Franklin lauded the Arkansas National Guard, the Red Cross, Wal-mart and Dollar General for their efforts to provide support and bottled water. But if those entities are the only sources of help, his city is in for a long hot summer. Which leads Franklin and Valley back to the question of why this crisis has lingered with minimal substantive response.
“I’ve been Black all my life, so none of this comes as a surprise — the lack of response or the trying to cast blame on somebody else rather than taking care of the problem,” Valley said. “We know that when people want to move quickly, when they want to move money quickly, when they want to send help quickly, they can do it. The government is empowered to do what it chooses to do. In this instance — as it happened in Flint, Michigan, and Jackson, Mississippi, and a host of other places that don’t make the news — help has been slow to come.”

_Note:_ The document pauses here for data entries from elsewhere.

lemma sum_bits_Suc:
  "(\<Sum>r\<in>bits (Suc n). f r) = (\<Sum>r\<in>bits n. f (True # r)) + (\<Sum>r\<in>bits n. f (False # r))"
proof -
  have "bits (Suc n) = Cons True ` bits n \<union> Cons False ` bits n"
    by (auto simp: bits_def length_Suc_conv)
  then have "(\<Sum>r\<in>bits (Suc n). f r) = (\<Sum>r\<in>Cons True ` bits n. f r) + (\<Sum>r\<in>Cons False ` bits n. f r)"
    by (simp only:) (rule sum.union_disjoint; auto)
  then show ?thesis
    by (simp add: sum.reindex)
qed

lemma sum_bits_sign:
  "length x = n \<Longrightarrow>
    (\<Sum>r\<in>bits n. if bdot r x then -1 else 1 :: complex) = (if x = replicate n False then 2 ^ n else 0)"
proof (induction x arbitrary: n)
  case Nil
  then have "bits n = {[]}"
    by (auto simp: bits_def)
  with Nil show ?case
    by simp
next
  case (Cons b x)
  then obtain m where m: "n = Suc m" "length x = m"
    by auto
  show ?case
  proof (cases b)
    case True
    have "(\<Sum>r\<in>bits m. if \<not> bdot r x then -1 else 1 :: complex) + (\<Sum>r\<in>bits m. if bdot r x then -1 else 1) = 0"
      by (auto simp: sum.distrib[symmetric] intro!: sum.neutral)
    then show ?thesis
      using True m by (simp add: sum_bits_Suc)
  next
    case False
    then show ?thesis
      using m Cons.IH[OF m(2)] by (simp add: sum_bits_Suc)
  qed
qed

section \<open>Matrices that shift the computational basis\<close>

lemma mult_mat_index_nonzeroD:
  fixes A B :: "'a::semiring_0 mat"
  assumes "A \<in> carrier_mat N K" "B \<in> carrier_mat K m" "i < N" "j < m" "(A * B) $$ (i, j) \<noteq> 0"
  obtains l where "l < K" "A $$ (i, l) \<noteq> 0" "B $$ (l, j) \<noteq> 0"
proof -
  have "(\<Sum>l\<in>{0..<K}. A $$ (i, l) * B $$ (l, j)) \<noteq> 0"
    using assms by (simp add: scalar_prod_def)
  then obtain l where "l < K" "A $$ (i, l) * B $$ (l, j) \<noteq> 0"
    by (metis (no_types, lifting) atLeastLessThan_iff sum.neutral)
  then show ?thesis
    using that mult_not_zero by blast
qed

definition shifts_by :: "nat \<Rightarrow> bool list \<Rightarrow> complex mat \<Rightarrow> bool" where
  "shifts_by n a M \<longleftrightarrow>
    (\<forall>i<2 ^ n. \<forall>j<2 ^ n. M $$ (i, j) \<noteq> 0 \<longrightarrow> nat_to_bits n i = bxor (nat_to_bits n j) a)"

lemma shifts_byD:
  "shifts_by n a M \<Longrightarrow> i < 2 ^ n \<Longrightarrow> j < 2 ^ n \<Longrightarrow> M $$ (i, j) \<noteq> 0
    \<Longrightarrow> nat_to_bits n i = bxor (nat_to_bits n j) a"
  by (simp add: shifts_by_def)

lemma pauli_mat_shifts_by: "shifts_by n a (pauli_mat n k a b)"
  by (auto simp: shifts_by_def pauli_mat_def split: if_splits)

lemma one_mat_shifts_by: "shifts_by n (replicate n False) (1\<^sub>m (2 ^ n))"
  by (auto simp: shifts_by_def split: if_splits)

lemma shifts_by_mult:
  assumes "A \<in> carrier_mat (2 ^ n) (2 ^ n)" "B \<in> carrier_mat (2 ^ n) (2 ^ n)"
    and "shifts_by n a A" "shifts_by n b B" "a \<in> bits n" "b \<in> bits n"
  shows "shifts_by n (bxor a b) (A * B)"
  unfolding shifts_by_def
proof (intro allI impI)
  fix i j assume ij: "i < 2 ^ n" "j < 2 ^ n" and "(A * B) $$ (i, j) \<noteq> 0"
  then obtain l where l: "l < 2 ^ n" "A $$ (i, l) \<noteq> 0" "B $$ (l, j) \<noteq> 0"
    by (rule mult_mat_index_nonzeroD[OF assms(1,2)])
  have "nat_to_bits n i = bxor (nat_to_bits n l) a" "nat_to_bits n l = bxor (nat_to_bits n j) b"
    using shifts_byD[OF assms(3) ij(1) l(1,2)] shifts_byD[OF assms(4) l(1) ij(2) l(3)] by simp_all
  then show "nat_to_bits n i = bxor (nat_to_bits n j) (bxor a b)"
    using assms(5,6) by (simp add: bits_def bxor_assoc bxor_comm[of a b])
qed

lemma shifts_by_mult_nonzero:
  assumes "shifts_by n a M" "M \<in> carrier_mat (2 ^ n) (2 ^ n)" "W \<in> carrier_mat (2 ^ n) m" "a \<in> bits n"
    and "i < 2 ^ n" "k < m" "(M * W) $$ (i, k) \<noteq> 0"
  shows "W $$ (bits_to_nat (bxor (nat_to_bits n i) a), k) \<noteq> 0"
proof -
  obtain l where l: "l < 2 ^ n" "M $$ (i, l) \<noteq> 0" "W $$ (l, k) \<noteq> 0"
    by (rule mult_mat_index_nonzeroD[OF assms(2,3,5-7)])
  have "nat_to_bits n i = bxor (nat_to_bits n l) a"
    by (rule shifts_byD[OF assms(1,5) l(1,2)])
  then have "nat_to_bits n l = bxor (nat_to_bits n i) a"
    using assms(4) by (simp add: bits_def)
  then have "l = bits_to_nat (bxor (nat_to_bits n i) a)"
    using l(1) assms(4) by (simp add: nat_to_bits_eq_iff bits_def)
  then show ?thesis
    using l(3) by simp
qed

definition Z_sign :: "nat \<Rightarrow> bool list \<Rightarrow> nat \<Rightarrow> complex" where
  "Z_sign n r j = (if bdot r (nat_to_bits n j) then -1 else 1)"

definition Z_mat :: "nat \<Rightarrow> bool list \<Rightarrow> complex mat" where
  "Z_mat n r = Matrix.mat (2 ^ n) (2 ^ n) (\<lambda>(i, j). if i = j then Z_sign n r j else 0)"

lemma Z_mat_carrier [simp]: "Z_mat n r \<in> carrier_mat (2 ^ n) (2 ^ n)"
  by (simp add: Z_mat_def)

lemma dim_Z_mat [simp]: "dim_row (Z_mat n r) = 2 ^ n" "dim_col (Z_mat n r) = 2 ^ n"
  by (simp_all add: Z_mat_def)

lemma index_Z_mat: "i < 2 ^ n \<Longrightarrow> j < 2 ^ n \<Longrightarrow> Z_mat n r $$ (i, j) = (if i = j then Z_sign n r j else 0)"
  by (simp add: Z_mat_def)

lemma Z_sign_0 [simp]: "Z_sign n r 0 = 1"
  using nat_to_bits_eq_zeros_iff[of 0 n] by (simp add: Z_sign_def)

lemma sum_Z_sign: "l < 2 ^ n \<Longrightarrow> (\<Sum>r\<in>bits n. Z_sign n r l) = (if l = 0 then 2 ^ n else 0)"
  by (simp add: Z_sign_def sum_bits_sign nat_to_bits_eq_zeros_iff)

lemma pauli_mat_eq_Z_mat: "r \<in> bits n \<Longrightarrow> pauli_mat n 0 (replicate n False) r = Z_mat n r"
  by (rule eq_matI) (auto simp: index_Z_mat Z_sign_def pauli_mat_def dest: nat_to_bits_inj)

lemma index_mult_Z_mat:
  assumes "M \<in> carrier_mat m (2 ^ n)" "i < m" "j < 2 ^ n"
  shows "(M * Z_mat n r) $$ (i, j) = M $$ (i, j) * Z_sign n r j"
proof -
  have "(M * Z_mat n r) $$ (i, j) = (\<Sum>l\<in>{0..<2 ^ n}. M $$ (i, l) * (if l = j then Z_sign n r j else 0))"
    using assms by (simp add: scalar_prod_def index_Z_mat)
  also have "\<dots> = (\<Sum>l\<in>{0..<2 ^ n}. if l = j then M $$ (i, l) * Z_sign n r j else 0)"
    by (rule sum.cong) auto
  finally show ?thesis
    using assms(3) by simp
qed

Flint’s water woes took years before its crisis was resolved. Residents were issued a boil water warning in 2014 and many were stricken with diseases related to contamination. But the boil water alert in Flint was not rescinded until earlier this year — nine years after the crisis began. Even as recently as this week, the city issued a boil water advisory that lasted a day.
In seven months as mayor, Franklin, 40, has had 90 abandoned homes demolished in an effort to eliminate eyesores and ultimately attract people back to a city that has had a dramatic fall in population over the last 20 years. “It’s the perfect opportunity to go beneath those houses and replace the water lines,” he said.
Perhaps more troubling for Franklin has been the racism he has experienced since he beat out a white incumbent last year. He said he’s received death threats, had his property intruded upon and been attacked on social media by people who did not want to see another Black man as mayor.
“It’s a lot,” he said. “But I’ve lived here all my life and I’m committed to the people of this community getting the basic right they should have — clean water. I’m not arguing about a football game. I’m arguing about the quality of life for Black people and all the people in this inner city.”